The spokesperson said the Education Department later found that Lincoln had also not met state regulations, which would’ve made it ineligible for FAFSA even before it switched accreditors.

Brodsky said the university has applied to rejoin the federal aid program.

“I think it’s a crime that it’s taken from us because we didn’t do anything wrong,” he said.

Multiple former football assistants said Lincoln’s financial aid status caused confusion among players about what sort of assistance would be available to them. The school’s head football coach and athletic director, Desmond Gumbs, said the terms of each player’s aid were clearly spelled out in the letter of intent each signed during the recruitment process.

Why did players go to Lincoln?

Many current and former players told USA TODAY Sports they went to Lincoln for the same reason: A chance to play against the Division I teams listed on its schedule.

In 2023, the Oaklanders played eight FCS teams, including four Historically Black Colleges and Universities (HBCUs). The schedule was a focal point of Lincoln coaches’ recruiting pitches, players said. Some viewed it as a stepping stone.

“I was using the school to get the film I need to get out of there,” long snapper Etem Ulusan said.

Kicker/punter Steven Earnest said he was on the roster at Point University, an NAIA school, last year when a coach from Lincoln called during fall camp and offered him a scholarship.

He said he had never heard of Lincoln before but figured he was better off kicking against Division I schools than those in the NAIA.

“I’m pretty sure the schedule is what got everyone here,” Earnest said. “The only thing is I don’t really know how they get the schedule, because you saw, we get smoked every game.”

The Oaklanders went 0-12 last season and have won just three of their 33 games.

Why do NCAA programs schedule teams like Lincoln?

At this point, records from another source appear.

section \<open>Equigenerated primary components\<close>

lemma I_comp_supported_polys:
  assumes "upward_closed S" and "F \<in> calF (supported_polys S :: ('v::finite, 'k::field) mpoly set)"
  shows "I_comp (supported_polys S :: ('v, 'k) mpoly set) F = supported_polys (exp_saturation F S)"
  using assms primary_component_supported_polys(1) unfolding I_comp_def calF_def by blast

lemma zero_not_in_exp_saturation:
  assumes S: "upward_closed S" and "F \<in> calF (supported_polys S :: ('v::finite, 'k::field) mpoly set)"
  shows "0 \<notin> exp_saturation F S"
proof
  assume "0 \<in> exp_saturation F S"
  then have "(monom 0 :: ('v, 'k) mpoly) \<in> supported_polys (exp_saturation F S)"
    by (simp only: monom_mem_supported_polys_iff)
  then have "(1 :: ('v, 'k) mpoly) \<in> supported_polys (exp_saturation F S)" by (simp add: monom_zero)
  then have "supported_polys (exp_saturation F S) = (UNIV :: ('v, 'k) mpoly set)"
    using ideal_mult_right[OF is_ideal_supported_polys[OF upward_closed_exp_saturation[OF S]]]
    by (metis UNIV_eq_I mult_1)
  then show False
    using assms primary_component_supported_polys(2) unfolding calF_def primary_ideal_def by blast
qed
text \<open>Fixing a second variable to \<open>0\<close> in \<open>f|x\<^sub>i=1\<close> cannot give a constant, since the subcube
  contains the false point \<open>{i}\<close> and the true point \<open>[n] - {k}\<close>; so it is fixed to \<open>1\<close>,
  and the subcube then contains \<open>{i, k}\<close> and the true point \<open>[n]\<close>.\<close>

lemma true_pair_exists: assumes "i < n" shows "\<exists>j. true_pair i j"
proof -
  obtain k a where k: "k < n" "k \<noteq> i" and const:
    "\<And>p q. p \<in> cube n \<Longrightarrow> q \<in> cube n \<Longrightarrow> p ! i \<Longrightarrow> q ! i \<Longrightarrow> p ! k = a \<Longrightarrow> q ! k = a \<Longrightarrow> f p = f q"
    using constant_subcubeE[OF assms, of True] by (metis (full_types))
  show ?thesis
  proof (cases a)
    case True
    then have "f (point_of n {i, k}) = f (point_of n {..<n})"
      using const assms k by simp
    then show ?thesis
      using true_large[of "{..<n}"] assms k unfolding true_pair_def by auto
  next
    case False
    then have "f (point_of n {i}) = f (point_of n ({..<n} - {k}))"
      using const assms k by simp
    then show ?thesis using false_singleton[OF assms] true_cosingleton[OF k(1)] by simp
  qed
qed

lemma false_copair_exists: assumes "i < n" shows "\<exists>j. false_copair i j"
proof -
  obtain k a where k: "k < n" "k \<noteq> i" and const:
    "\<And>p q. p \<in> cube n \<Longrightarrow> q \<in> cube n \<Longrightarrow> \<not> p ! i \<Longrightarrow> \<not> q ! i \<Longrightarrow> p ! k = a \<Longrightarrow> q ! k = a \<Longrightarrow> f p = f q"
    using constant_subcubeE[OF assms, of False] by (metis (full_types))
  show ?thesis
  proof (cases a)
    case False
    then have "f (point_of n ({..<n} - {i, k})) = f (point_of n {})"
      using const assms k by simp
    then show ?thesis
      using false_small[of "{}"] assms k unfolding false_copair_def by auto
  next
    case True
    then have "f (point_of n {k}) = f (point_of n ({..<n} - {i}))"
      using const assms k by simp
    then show ?thesis using false_singleton[OF k(1)] true_cosingleton[OF assms] by simp
  qed
qed

lemma true_pair_meets_false_copair:
  "true_pair a b \<Longrightarrow> false_copair c d \<Longrightarrow> {a, b} \<inter> {c, d} \<noteq> {}"
  unfolding true_pair_def false_copair_def
  using positive_bf_point_of_mono[OF positive, of "{a, b}" "{..<n} - {c, d}"] by auto

lemma fresh_variable:
  assumes "n \<ge> 5" obtains v where "v < n" "v \<notin> {a, b, c, d}"
proof -
  have "\<not> {..<n} \<subseteq> {a, b, c, d}"
  proof
    assume "{..<n} \<subseteq> {a, b, c, d}"
    then have "card {..<n} \<le> card {a, b, c, d}" by (intro card_mono) auto
    also have "\<dots> \<le> 4" by (simp add: card_insert_if)
    finally show False using assms by simp
  qed
  then show ?thesis using that by blast
qed

lemma true_pairs_intersect:
  assumes "n \<ge> 5" "true_pair a b" "true_pair c d" shows "{a, b} \<inter> {c, d} \<noteq> {}"
proof
  assume disjoint: "{a, b} \<inter> {c, d} = {}"
  obtain v where v: "v < n" "v \<notin> {a, b, c, d}" using fresh_variable[OF assms(1)] .
  obtain w where w: "false_copair v w" using false_copair_exists[OF v(1)] ..
  show False
    using true_pair_meets_false_copair[OF assms(2) w] true_pair_meets_false_copair[OF assms(3) w]
      v disjoint by auto
qed

lemma false_copairs_intersect:
  assumes "n \<ge> 5" "false_copair a b" "false_copair c d" shows "{a, b} \<inter> {c, d} \<noteq> {}"
proof
  assume disjoint: "{a, b} \<inter> {c, d} = {}"
  obtain v where v: "v < n" "v \<notin> {a, b, c, d}" using fresh_variable[OF assms(1)] .
  obtain w where w: "true_pair v w" using true_pair_exists[OF v(1)] ..
  show False
    using true_pair_meets_false_copair[OF w assms(2)] true_pair_meets_false_copair[OF w assms(3)]
      v disjoint by auto
qed
text \<open>capping p^i of a pairing p on n points: join points i and i+1 (mod n), concatenate the
strings through them (discarding a closed loop), delete the two points and renumber the
remaining points 1..n-2 in order (cyclic order is preserved).\<close>
definition capping :: "nat \<Rightarrow> nat set set \<Rightarrow> nat \<Rightarrow> nat set set" where
  "capping n p i =
     (let j = csucc n i; a = partner p i; b = partner p j;
          q = (p - {{i, a}, {j, b}}) \<union> (if a = j then {} else {{a, b}});
          r = (\<lambda>x. card {y \<in> {1..n} - {i, j}. y \<le> x})
      in (\<lambda>s. r ` s) ` q)"

end

theory Submission
  imports Defs
begin

(* Capping a pairing p of n points at a position i joins the strings
   through i and its cyclic successor i' and relabels the remaining points
   order-preservingly.  Because i and i' are adjacent, a string {c,d} avoiding both
   separates them or not simultaneously; hence
   (a) a string of p avoiding i and i' survives, and the parity of its crossing number
       is unchanged;
   (b) the concatenated string crosses exactly those strings crossing one, but not
       both, of the two strings it replaces, so its crossing number has the parity of
       the sum of theirs.
   Consequently capping maps E into E, keeps an odd string odd, and keeps any crossing
   between two strings avoiding i and i'.
   The theorem then reduces to finding a free adjacent pair i, i': if no such pair
   avoids a set S of points then n <= 2 |S|.  For part (1) S is an odd string; for
   part (2) S is the union of a crossing string s with one of two strings crossing s
   (s has an even, nonzero crossing number), and four points block every adjacent pair
   only if n = 8 and they are all the odd or all the even points, which cannot happen
   for both choices. *)

section \<open>Crossing of strings\<close>

abbreviation btw :: "nat \<Rightarrow> nat \<Rightarrow> nat \<Rightarrow> bool" where
  "btw \<equiv> strictly_between"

Ivey acknowledged that he didn’t know much about the Oaklanders when he scheduled them in 2021. All he knew is that they would fit a need. The Lumberjacks had just switched conferences and needed a home game on a specific date that would count toward their final record.

“The challenge with football scheduling is these games are scheduled years in advance,” Ivey said. “We needed to fill a game so we were able to fill it with them.”

Western Oregon athletic director Randi Lydum said Lincoln first reached out to her in 2021 about scheduling a game in the fall. She knew it would be a home game, and likely a win.

Located in Monmouth, Oregon, the Division II Wolves sometimes struggle to schedule home games because their home stadium is more than an hour's drive south of Portland and they can’t offer a large payout to visiting teams, Lydum said. But they offered to pay for Lincoln’s bus trips to and from the Portland airport and one night of hotel rooms at a nearby Hampton Inn.

Western Oregon won that first game, 55-16, then scheduled Lincoln again in 2022 and 2023 – two more wins. It is the only school to schedule the Oaklanders every year.

“I guess it’s kind of the same thing as if some of the big D1 (teams) schedule schools like us,” Lydum said.